# Assignment:
Whatever appears in the records, write it out again exactly.
____
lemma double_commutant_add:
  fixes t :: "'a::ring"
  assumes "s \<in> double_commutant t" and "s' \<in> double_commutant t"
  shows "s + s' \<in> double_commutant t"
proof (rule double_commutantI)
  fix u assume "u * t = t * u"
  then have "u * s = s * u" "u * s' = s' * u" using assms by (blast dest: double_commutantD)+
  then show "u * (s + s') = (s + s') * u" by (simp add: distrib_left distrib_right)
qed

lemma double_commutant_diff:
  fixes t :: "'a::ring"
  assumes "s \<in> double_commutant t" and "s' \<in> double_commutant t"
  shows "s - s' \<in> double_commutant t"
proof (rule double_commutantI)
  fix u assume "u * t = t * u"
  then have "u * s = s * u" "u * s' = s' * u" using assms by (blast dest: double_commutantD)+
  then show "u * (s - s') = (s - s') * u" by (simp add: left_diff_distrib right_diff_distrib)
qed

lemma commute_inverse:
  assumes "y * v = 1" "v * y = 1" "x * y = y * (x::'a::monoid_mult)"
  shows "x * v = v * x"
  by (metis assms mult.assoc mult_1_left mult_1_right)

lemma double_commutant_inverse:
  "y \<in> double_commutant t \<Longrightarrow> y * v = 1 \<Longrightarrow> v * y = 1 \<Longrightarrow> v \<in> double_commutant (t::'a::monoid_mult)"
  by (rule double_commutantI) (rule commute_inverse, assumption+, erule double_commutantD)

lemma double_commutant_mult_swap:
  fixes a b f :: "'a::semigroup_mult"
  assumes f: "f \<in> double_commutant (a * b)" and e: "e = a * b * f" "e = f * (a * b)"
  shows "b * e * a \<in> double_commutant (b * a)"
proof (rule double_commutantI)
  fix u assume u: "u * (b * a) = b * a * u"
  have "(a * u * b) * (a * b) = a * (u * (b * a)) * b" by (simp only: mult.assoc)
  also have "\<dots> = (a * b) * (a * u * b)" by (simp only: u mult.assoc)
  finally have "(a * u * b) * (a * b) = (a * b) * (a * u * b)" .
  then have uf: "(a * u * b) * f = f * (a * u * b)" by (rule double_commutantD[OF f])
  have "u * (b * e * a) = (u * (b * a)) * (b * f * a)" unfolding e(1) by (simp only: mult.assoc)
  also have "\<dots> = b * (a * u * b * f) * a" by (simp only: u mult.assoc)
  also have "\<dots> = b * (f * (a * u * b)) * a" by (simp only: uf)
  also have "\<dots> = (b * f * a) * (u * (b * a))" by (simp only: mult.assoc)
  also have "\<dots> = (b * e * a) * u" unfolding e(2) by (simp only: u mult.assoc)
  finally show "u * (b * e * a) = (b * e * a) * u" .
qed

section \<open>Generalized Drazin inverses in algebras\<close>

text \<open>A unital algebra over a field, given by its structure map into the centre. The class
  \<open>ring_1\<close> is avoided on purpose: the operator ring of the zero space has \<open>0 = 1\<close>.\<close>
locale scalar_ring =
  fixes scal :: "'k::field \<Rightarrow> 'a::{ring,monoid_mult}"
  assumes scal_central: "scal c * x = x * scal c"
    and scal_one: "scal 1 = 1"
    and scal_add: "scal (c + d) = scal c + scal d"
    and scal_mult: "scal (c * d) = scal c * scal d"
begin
____
# Result below:
lemma double_commutant_add:
  fixes t :: "'a::ring"
  assumes "s \<in> double_commutant t" and "s' \<in> double_commutant t"
  shows "s + s' \<in> double_commutant t"
proof (rule double_commutantI)
  fix u assume "u * t = t * u"
  then have "u * s = s * u" "u * s' = s' * u" using assms by (blast dest: double_commutantD)+
  then show "u * (s + s') = (s + s') * u" by (simp add: distrib_left distrib_right)
qed

lemma double_commutant_diff:
  fixes t :: "'a::ring"
  assumes "s \<in> double_commutant t" and "s' \<in> double_commutant t"
  shows "s - s' \<in> double_commutant t"
proof (rule double_commutantI)
  fix u assume "u * t = t * u"
  then have "u * s = s * u" "u * s' = s' * u" using assms by (blast dest: double_commutantD)+
  then show "u * (s - s') = (s - s') * u" by (simp add: left_diff_distrib right_diff_distrib)
qed

lemma commute_inverse:
  assumes "y * v = 1" "v * y = 1" "x * y = y * (x::'a::monoid_mult)"
  shows "x * v = v * x"
  by (metis assms mult.assoc mult_1_left mult_1_right)

lemma double_commutant_inverse:
  "y \<in> double_commutant t \<Longrightarrow> y * v = 1 \<Longrightarrow> v * y = 1 \<Longrightarrow> v \<in> double_commutant (t::'a::monoid_mult)"
  by (rule double_commutantI) (rule commute_inverse, assumption+, erule double_commutantD)

lemma double_commutant_mult_swap:
  fixes a b f :: "'a::semigroup_mult"
  assumes f: "f \<in> double_commutant (a * b)" and e: "e = a * b * f" "e = f * (a * b)"
  shows "b * e * a \<in> double_commutant (b * a)"
proof (rule double_commutantI)
  fix u assume u: "u * (b * a) = b * a * u"
  have "(a * u * b) * (a * b) = a * (u * (b * a)) * b" by (simp only: mult.assoc)
  also have "\<dots> = (a * b) * (a * u * b)" by (simp only: u mult.assoc)
  finally have "(a * u * b) * (a * b) = (a * b) * (a * u * b)" .
  then have uf: "(a * u * b) * f = f * (a * u * b)" by (rule double_commutantD[OF f])
  have "u * (b * e * a) = (u * (b * a)) * (b * f * a)" unfolding e(1) by (simp only: mult.assoc)
  also have "\<dots> = b * (a * u * b * f) * a" by (simp only: u mult.assoc)
  also have "\<dots> = b * (f * (a * u * b)) * a" by (simp only: uf)
  also have "\<dots> = (b * f * a) * (u * (b * a))" by (simp only: mult.assoc)
  also have "\<dots> = (b * e * a) * u" unfolding e(2) by (simp only: u mult.assoc)
  finally show "u * (b * e * a) = (b * e * a) * u" .
qed

section \<open>Generalized Drazin inverses in algebras\<close>

text \<open>A unital algebra over a field, given by its structure map into the centre. The class
  \<open>ring_1\<close> is avoided on purpose: the operator ring of the zero space has \<open>0 = 1\<close>.\<close>
locale scalar_ring =
  fixes scal :: "'k::field \<Rightarrow> 'a::{ring,monoid_mult}"
  assumes scal_central: "scal c * x = x * scal c"
    and scal_one: "scal 1 = 1"
    and scal_add: "scal (c + d) = scal c + scal d"
    and scal_mult: "scal (c * d) = scal c * scal d"
begin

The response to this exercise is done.